Managing Director & CEO Tribhuwan Adhikari emphasised that the affordable housing sector remained a priority for the company. He also highlighted that the final quarter of the financial year is a crucial business period and anticipated closing the year with strong performance.
Total disbursements for Q3 FY25 stood at INR 15,475 crore, marking a 2% increase from INR 15,184 crore in the same period of FY24. While individual home loan disbursements declined to INR 12,248 crore from INR 12,868 crore, project loans surged significantly to INR 983 crore from INR 375 crore, representing a 162% rise.

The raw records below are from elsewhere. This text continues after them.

(* Let $0<a_1\le a_2$, $q\ge2$, and let $e_1,e_2,\ldots$ be non-negative integers with $a_1q^n/n\le e_n\le a_2q^n/n$ for all $n\ge1$. Define $c_{i,j}$ by the formal power series identity $$\sum_{i,j\ge0} c_{i,j}x^iy^j = \prod_{i=1}^\infty (1-x^iy)^{-e_i}.$$ Then there exist constants $C$ and $D>1$ depending only on $a_1$ and $a_2$ such that for all integers $n\ge1$ and $0\le m\le n$, $$\frac{\sum_{j=m+1}^n c_{n,j}}{\sum_{j=0}^n c_{n,j}} \le n^C D^{-m}.$$ *)

theory Defs
  imports "HOL-Analysis.Analysis" "HOL-Computational_Algebra.Formal_Power_Series"
begin

text \<open>Bivariate formal power series in x and y are modelled as \<open>real fps fps\<close>:
  the outer variable is x, the inner variable (coefficients) is y.
  So for \<open>F :: real fps fps\<close>, the coefficient of x^i y^j is \<open>fps_nth (fps_nth F i) j\<close>.\<close>

definition fps_Y :: "real fps fps" where
  "fps_Y = fps_const fps_X"

definition gen_factor :: "(nat \<Rightarrow> nat) \<Rightarrow> nat \<Rightarrow> real fps fps" where
  "gen_factor e i = inverse ((1 - fps_X ^ i * fps_Y) ^ e i)"

definition gen_series :: "(nat \<Rightarrow> nat) \<Rightarrow> real fps fps" where
  "gen_series e = (\<Prod>k. gen_factor e (Suc k))"

definition cij :: "(nat \<Rightarrow> nat) \<Rightarrow> nat \<Rightarrow> nat \<Rightarrow> real" where
  "cij e i j = fps_nth (fps_nth (gen_series e) i) j"

end

theory Submission
  imports Defs
begin

no_notation vec_nth (infixl \<open>$\<close> 90)
notation fps_nth (infixl \<open>$\<close> 75)

text \<open>The row sum \<open>\<Sum>\<^sub>j c\<^sub>n\<^sub>,\<^sub>j\<close> is at least \<open>c\<^sub>n\<^sub>,\<^sub>1 \<ge> e\<^sub>n \<ge> a\<^sub>1 q\<^sup>n/n\<close>,
  since the factor \<open>(1 - x\<^sup>n y)\<^sup>-\<^sup>e\<^sup>n\<close> alone contributes \<open>e\<^sub>n x\<^sup>n y\<close>.
  The tail is at most \<open>(4/3)\<^sup>-\<^sup>m \<Sum>\<^sub>j c\<^sub>n\<^sub>,\<^sub>j (4/3)\<^sup>j\<close>, and this weighted sum is at most
  \<open>q\<^sup>n\<close> times the product evaluated at \<open>x = 1/q\<close>, \<open>y = 4/3\<close> after truncation to degrees
  \<open>\<le> n\<close>. Truncated evaluation is submultiplicative on series with nonnegative coefficients,
  and the \<open>i\<close>-th factor is bounded by \<open>(1 - (4/3) q\<^sup>-\<^sup>i)\<^sup>-\<^sup>e\<^sup>i \<le> exp (4 e\<^sub>i q\<^sup>-\<^sup>i) \<le> exp (4 a\<^sub>2/i)\<close>,
  so the weighted sum is at most \<open>q\<^sup>n exp (4 a\<^sub>2 H\<^sub>n) \<le> q\<^sup>n e\<^sup>4\<^sup>a\<^sup>2 n\<^sup>4\<^sup>a\<^sup>2\<close>.
  Dividing gives the bound with \<open>D = 4/3\<close> and a polynomial factor absorbing \<open>e\<^sup>4\<^sup>a\<^sup>2/a\<^sub>1\<close>.\<close>

lemma fps2_mult_nth:
  "((F :: 'a::comm_semiring_1 fps fps) * H) $ n $ j = (\<Sum>a=0..n. \<Sum>c=0..j. F$a$c * H$(n-a)$(j-c))"
  by (simp add: fps_mult_nth fps_sum_nth)

definition fps_one_upto :: "nat \<Rightarrow> 'a::{zero,one} fps \<Rightarrow> bool" where
  "fps_one_upto n F \<longleftrightarrow> F$0 = 1 \<and> (\<forall>t. 0 < t \<and> t \<le> n \<longrightarrow> F$t = 0)"

lemma mult_fps_one_upto_nth:
  fixes F H :: "'a::semiring_1 fps"
  assumes "fps_one_upto n H" "t \<le> n"
  shows "(F * H) $ t = F $ t"
proof -
  have "(F * H) $ t = (\<Sum>a=0..t. if a = t then F$t else 0)"
    unfolding fps_mult_nth using assms by (intro sum.cong) (auto simp: fps_one_upto_def)
  then show ?thesis by simp
qed

lemma fps_one_upto_mult:
  fixes F H :: "'a::semiring_1 fps"
  shows "fps_one_upto n F \<Longrightarrow> fps_one_upto n H \<Longrightarrow> fps_one_upto n (F * H)"
  using mult_fps_one_upto_nth[where F = F and H = H] unfolding fps_one_upto_def by auto

lemma fps_one_upto_one: "fps_one_upto n (1 :: 'a::semiring_1 fps)"
  by (simp add: fps_one_upto_def)

lemma fps_one_upto_power:
  fixes F :: "'a::semiring_1 fps"
  shows "fps_one_upto n F \<Longrightarrow> fps_one_upto n (F ^ k)"
  by (induction k) (simp_all add: fps_one_upto_mult fps_one_upto_one)

lemma fps_one_upto_mult_nth_Suc:
  fixes F H :: "'a::comm_semiring_1 fps"
  assumes "fps_one_upto n F" "fps_one_upto n H"
  shows "(F * H) $ Suc n = F $ Suc n + H $ Suc n"
proof -
  have "(F * H) $ Suc n = (\<Sum>a=0..Suc n. if a = 0 then H $ Suc n else if a = Suc n then F $ Suc n else 0)"
    unfolding fps_mult_nth using assms
    by (intro sum.cong) (auto simp: fps_one_upto_def)
  also have "\<dots> = F $ Suc n + H $ Suc n"
    by (simp add: sum.atLeast0_atMost_Suc sum.atLeast_Suc_atMost add.commute)
  finally show ?thesis .
qed

lemma fps_one_upto_power_nth_Suc:
  fixes F :: "'a::comm_semiring_1 fps"
  assumes "fps_one_upto n F"
  shows "(F ^ k) $ Suc n = of_nat k * F $ Suc n"
proof (induction k)
  case (Suc k)
  have "(F ^ Suc k) $ Suc n = F $ Suc n + (F ^ k) $ Suc n"
    using assms by (simp add: fps_one_upto_mult_nth_Suc fps_one_upto_power)
  with Suc show ?case by (simp add: algebra_simps)
qed simp
(* Let $\Omega\subset\mathbb R^n$ be a $C^{1,\operatorname{Dini}}$ domain with $0\in\partial\Omega$, described near $0$ in coordinates $(x',x_n)$ by $B_{R_0}\cap\Omega=\{x_n<\varphi(x')\}$, $B_{R_0}\cap\partial\Omega=\{x_n=\varphi(x')\}$, with $\varphi(0)=0$ and $D'\varphi(0)=0$, so that the outer unit normal satisfies $\nu(0)=e_n=(0,\dots,0,1)$. Assume $R_0<1$, $\sup_{|x'|\le R_0}\sqrt{1+|D'\varphi(x')|^2}\le \tfrac32$, and let $\Lambda:(0,R_0]\to(0,\infty)$ be a non-decreasing function such that $$\sup_{x_1,x_2\in\partial\Omega\cap B_r}|\nu(x_2)-\nu(x_1)|\le\Lambda(r)\quad\text{for every }r\in(0,R_0],$$ and $\Lambda(R_0)<\tfrac1{1000}$. For $0<r\le R_0$ let $a=4\Lambda(r)r$ and $y_0=-a\nu(0)=(0,-a)$. Then for $0<r\le R_0$ the set $\Omega\cap B_{r-a}(y_0)$ is star-shaped with respect to $y_0$, and moreover for every $x\in\partial\Omega\cap B_r$, $$\frac{r\Lambda(r)}{2}\le\langle x-y_0,\nu(x)\rangle\le 10\, r\Lambda(r).$$
   Context: $B_r$ is the open Euclidean ball of radius $r$ centered at $0$, $B_r(y)$ the one centered at $y$. A $C^{1,\operatorname{Dini}}$ domain is a connected bounded open set whose boundary is locally the graph $x_n=\varphi(x')$ of a function with $|D'\varphi(x_1')-D'\varphi(x_2')|\le\psi(|x_1'-x_2'|)$, $\int_0^2\psi(r)/r\,dr<\infty$, with $\Omega$ lying locally below the graph. The outer unit normal at $(x',\varphi(x'))$ is $\nu=\big(-D'\varphi,1\big)/\sqrt{1+|D'\varphi|^2}$. *)

theory Defs
  imports "HOL-Analysis.Analysis"
begin
lemma wf_lexsum_minus_Id:
  assumes "\<And>n. wf (r n - Id)"
  shows "wf (lexsum r - Id)"
proof -
  let ?tagged = "\<lambda>n. {((n, i), (n, j)) | i j. (i, j) \<in> r n - Id}"
  have "wf (\<Union>n. ?tagged n)"
  proof (rule wf_UN)
    show "wf (?tagged n)" for n
      by (rule wf_subset[OF wf_inv_image[OF assms, of n snd]]) auto
  qed auto
  then have "wf (inv_image (less_than <*lex*> (\<Union>n. ?tagged n)) (\<lambda>(n, i). (n, (n, i))))"
    by blast
  moreover have "lexsum r - Id \<subseteq> inv_image (less_than <*lex*> (\<Union>n. ?tagged n)) (\<lambda>(n, i). (n, (n, i)))"
    unfolding lexsum_def by auto
  ultimately show ?thesis by (rule wf_subset)
qed

lemma Well_order_lexsum:
  assumes wo: "\<And>n. Well_order (r n)"
  shows "Well_order (lexsum r)"
proof (rule Well_orderI)
  fix x y z
  show "x \<in> Field (lexsum r) \<Longrightarrow> (x, x) \<in> lexsum r"
    using Well_orderD(1)[OF wo] by (cases x) (simp add: Field_lexsum[OF wo] mem_lexsum)
  show "(x, y) \<in> lexsum r \<Longrightarrow> (y, z) \<in> lexsum r \<Longrightarrow> (x, z) \<in> lexsum r"
    using Well_orderD(2)[OF wo] by (cases x; cases y; cases z) (auto simp: mem_lexsum)
  show "(x, y) \<in> lexsum r \<Longrightarrow> (y, x) \<in> lexsum r \<Longrightarrow> x = y"
    using Well_orderD(3)[OF wo] by (cases x; cases y) (auto simp: mem_lexsum)
  show "x \<in> Field (lexsum r) \<Longrightarrow> y \<in> Field (lexsum r) \<Longrightarrow>
        (x, y) \<in> lexsum r \<or> (y, x) \<in> lexsum r"
    using Well_orderD(4)[OF wo]
    by (cases x; cases y) (auto simp: mem_lexsum Field_lexsum[OF wo] nat_neq_iff, blast)
  show "wf (lexsum r - Id)"
    using Well_orderD(5)[OF wo] by (rule wf_lexsum_minus_Id)
qed

definition add_top :: "'a rel \<Rightarrow> 'a option rel" where
  "add_top r = map_prod Some Some ` r \<union> insert None (Some ` Field r) \<times> {None}"

lemma mem_add_top:
  "(x, y) \<in> add_top r \<longleftrightarrow>
     y = None \<and> (x = None \<or> (\<exists>a\<in>Field r. x = Some a)) \<or>
     (\<exists>a b. (a, b) \<in> r \<and> x = Some a \<and> y = Some b)"
  unfolding add_top_def by auto

lemma Field_add_top: "Field (add_top r) = insert None (Some ` Field r)"
  unfolding add_top_def Field_def by force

The individual home loan portfolio reached INR 2,54,652 crore, up from INR 2,38,499 crore, reflecting a 7% growth. Similarly, the project loan portfolio stood at INR 8,776 crore, up from INR 8,569 crore, a 2% increase. The total outstanding portfolio expanded by 6% to INR 2,99,144 crore from INR 2,81,206 crore.
Provisions for Expected Credit Loss (ECL) stood at INR 4,974 crore as of December 2024, with a 48% coverage, compared to INR 6,890 crore in December 2023 and INR 5,458 crore in September 2024. The Stage 3 exposure at default reduced to 2.75%, down from 4.26% a year ago and 3.06% in the previous quarter.
For the nine months ending December 2024, total disbursements stood at INR 44,866 crore, reflecting a 10% increase from INR 40,705 crore in the same period the previous year. The individual home loan segment saw a 4% rise in disbursements, reaching INR 36,231 crore from INR 34,803 crore. Project loan disbursements surged to INR 2,901 crore from INR 1,059 crore, a significant increase.
LIC Housing Finance has demonstrated steady financial growth in Q3 FY25, driven by increased disbursements and a strong focus on the affordable housing segment. The reduction in NPAs and improved coverage ratios reflect stronger financial health. As the financial year nears its end, the company remains optimistic about closing with robust figures, particularly with potential government support in the upcoming budget.